When I brought my first baby home from the hospital, I wanted to do everything right. Actually, even more than that, I wanted to do it to perfection, but I had no clue what I was doing or what I was even supposed to be doing.
I was completely unprepared for the days and the weeks that followed. Life went from routine to absolute chaos in a matter of days. Can you relate? Life as you knew it has changed and now you have kids without a dad, fatherless. Your world has turned upside down and like that first-time mom, you have no clue what you’re even supposed to do!
This could be your first experience with grief, and, let me tell you, you really do want to grieve well, if there’s such a thing.
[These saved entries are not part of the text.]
lemma transfinite_product_compose:
  assumes null: "null_sequence X x \<alpha>" and k: "continuous_map X Y k"
  shows "transfinite_product Y (k x) (\<lambda>n. k \<circ> \<alpha> n) = k \<circ> transfinite_product X x \<alpha>"
proof
  fix t
  have "induced_map Y (k x) (\<lambda>n. k \<circ> \<alpha> n) (tau_loop t) = (k \<circ> induced_map X x \<alpha>) (tau_loop t)"
    using induced_map_spec(3)[OF null_sequence_compose[OF null k]] induced_map_spec(3)[OF null]
    by (intro eq_on_hawaiian_earringI[OF _ tau_loop_in_earring, where f = "induced_map Y (k x) (\<lambda>n. k \<circ> \<alpha> n)"]) simp
  then show "transfinite_product Y (k x) (\<lambda>n. k \<circ> \<alpha> n) t = (k \<circ> transfinite_product X x \<alpha>) t"
    by (simp add: transfinite_product_def)
qed

section \<open>Path homotopy in arbitrary spaces\<close>

lemma path_homotopic_in_iff_homotopic_with:
  "path_homotopic_in X p q \<longleftrightarrow>
     homotopic_with (\<lambda>r. r 0 = p 0 \<and> r 1 = p 1) (top_of_set {0..1}) X p q"
  by (subst homotopic_with) (auto simp: path_homotopic_in_def)

lemma path_homotopic_in_endpoints:
  assumes "path_homotopic_in X p q"
  shows "q 0 = p 0" "q 1 = p 1"
  using homotopic_with_imp_property[OF assms[unfolded path_homotopic_in_iff_homotopic_with]]
  by auto

lemma path_homotopic_in_sym:
  assumes "path_homotopic_in X p q"
  shows "path_homotopic_in X q p"
  using homotopic_with_symD[OF assms[unfolded path_homotopic_in_iff_homotopic_with]]
    path_homotopic_in_endpoints[OF assms]
  by (simp add: path_homotopic_in_iff_homotopic_with)

lemma path_homotopic_in_trans:
  assumes "path_homotopic_in X p q" "path_homotopic_in X q r"
  shows "path_homotopic_in X p r"
proof -
  have "homotopic_with (\<lambda>s. s 0 = p 0 \<and> s 1 = p 1) (top_of_set {0..1}) X q r"
    using assms(2) path_homotopic_in_endpoints[OF assms(1)]
    by (simp add: path_homotopic_in_iff_homotopic_with)
  with assms(1) show ?thesis
    unfolding path_homotopic_in_iff_homotopic_with by (rule homotopic_with_trans)
qed

lemma path_homotopic_in_compose:
  assumes "path_homotopic_in X p q" "continuous_map X Y g"
  shows "path_homotopic_in Y (g \<circ> p) (g \<circ> q)"
  using homotopic_with_compose_continuous_map_left[OF
      assms(1)[unfolded path_homotopic_in_iff_homotopic_with] assms(2)]
  by (simp add: path_homotopic_in_iff_homotopic_with)

lemma continuous_map_top_of_set_cases_le:
  fixes p :: "'a::topological_space \<Rightarrow> real"
  assumes "continuous_map (top_of_set {z \<in> S. p z \<le> a}) X f"
    and "continuous_map (top_of_set {z \<in> S. a \<le> p z}) X g"
    and "continuous_on S p" and "\<And>z. z \<in> S \<Longrightarrow> p z = a \<Longrightarrow> f z = g z"
  shows "continuous_map (top_of_set S) X (\<lambda>z. if p z \<le> a then f z else g z)"
  using assms
  by (intro continuous_map_cases_le[where q = "\<lambda>z. a"])
     (simp_all add: subtopology_subtopology Int_def)

lemma continuous_map_top_of_set_compose:
  assumes "continuous_map (top_of_set T) X f" "continuous_on S \<phi>" "\<phi> ` S \<subseteq> T"
  shows "continuous_map (top_of_set S) X (\<lambda>z. f (\<phi> z))"
  using continuous_map_compose[of "top_of_set S" "top_of_set T" \<phi> X f] assms
  by (simp add: o_def image_subset_iff)

lemma prod_topology_top_of_set:
  "prod_topology (top_of_set A) (top_of_set B) = top_of_set (A \<times> B)"
  by (metis subtopology_Times prod_topology_euclidean)

definition path_conj :: "(real \<Rightarrow> 'a) \<Rightarrow> (real \<Rightarrow> 'a) \<Rightarrow> real \<Rightarrow> 'a" where
  "path_conj \<gamma> r t =
     (if t \<le> 1/3 then \<gamma> (3 * t) else if t \<le> 2/3 then r (3 * t - 1) else \<gamma> (3 - 3 * t))"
But more than that, you want life to be good for your fatherless kids and you are wondering if that is even possible?
After suffering through sleepless nights with my first newborn baby, a friend who was more experienced than I, and had been on the road a little bit longer, encouraged me with hope, “your baby will eventually sleep through the night.”
And Moms, I just want to say to you, you will get to the other side of this valley.
You and your fatherless child, and I know it’s even hard to hear that term, will make it through this difficult season. With God as Father, you will find that you can live a victorious life.
But for now, you are experiencing those restless nights of the newborn days. You are physically carrying your baby while emotionally carrying the grief for you both. And on top of that, you have so many questions. You may be asking Why?And I’m confident that you are probably asking How? How am I going to do this solo parenting thing? You may have to work and tend to the things that your husband used to manage. And you never dreamed of raising a child without him. You wonder what the next season of life will look like and will you physically be able to do this?
Whether you are a biological mom, their adopted mom, or even if you are their foster mom, you have been entrusted with a great gift —not only the gift of this child —but the responsibility of impacting their life. You matter! You are critical to the mission of God.
Five simple ways to care for your fatherless newborn:
- Love your newborn. In God’s sovereignty, He has chosen to give you this precious baby at this time. They are a gift to you in so many ways and may be the reason you get out of bed every day. As you love this child, may God remind you of His great love for you. I pray that you will learn to relax in His love.
- Trust God for His plans for their life. God has not been caught off guard and for some mysterious reason, He has allowed suffering at the very start of your baby’s life. Do not let the fear of the unknown rob you of the joy they give. I pray that you will trust God for your baby’s future and look to God for the way He is going to be good to you.
“I would have despaired unless I had believed that I would see the goodness of the Lord in the land of the living. Wait for the Lord; be strong and let your heart take courage; yes, wait for the Lord” (Psalm 27:13-14). - Comfort your newborn. Care, hold, and nurture them. As you embrace your newborn baby at this time of great loss, thank God He is embracing you. I pray that God will remind you of His care and comfort for you.
- Keep a journal of the story God is writing for you and your child. Journal your thoughts and prayers. You are going to be amazed and you will need this record to share with your child when they are able to really start to understand. Your little one is unaware of the reality that dad is gone, but one day, your newborn will grow up and into the grief of not knowing their earthly daddy. They will want to know the story. I pray that you will tell the story of God’s faithfulness to your baby over and over again even with the hard once upon a time part.
Practical tip: If journaling is “not your thing,” try the One Line A Day: A Five-Year Memory Book, it’s a simple way to make note of your feelings and how God spoke to you or cared for you. - Pray for them. Let this scripture encourage you:
“It was you who brought me out of the womb, making me secure at my mother’s breast. I was given over to you at birth; you have been my God from my mother’s womb” (Psalm 22:9-10, CSB).“You have taught children and infants to tell of your strength, silencing your enemies and all who oppose you” (Psalm 8:2, NLT).
Newborn days are some of the most stressful yet also the sweetest. Although in this season, the responsibility of two parents has shifted to one, you are not alone. God is with you. He really is. Will you rest in God and place your trust in im?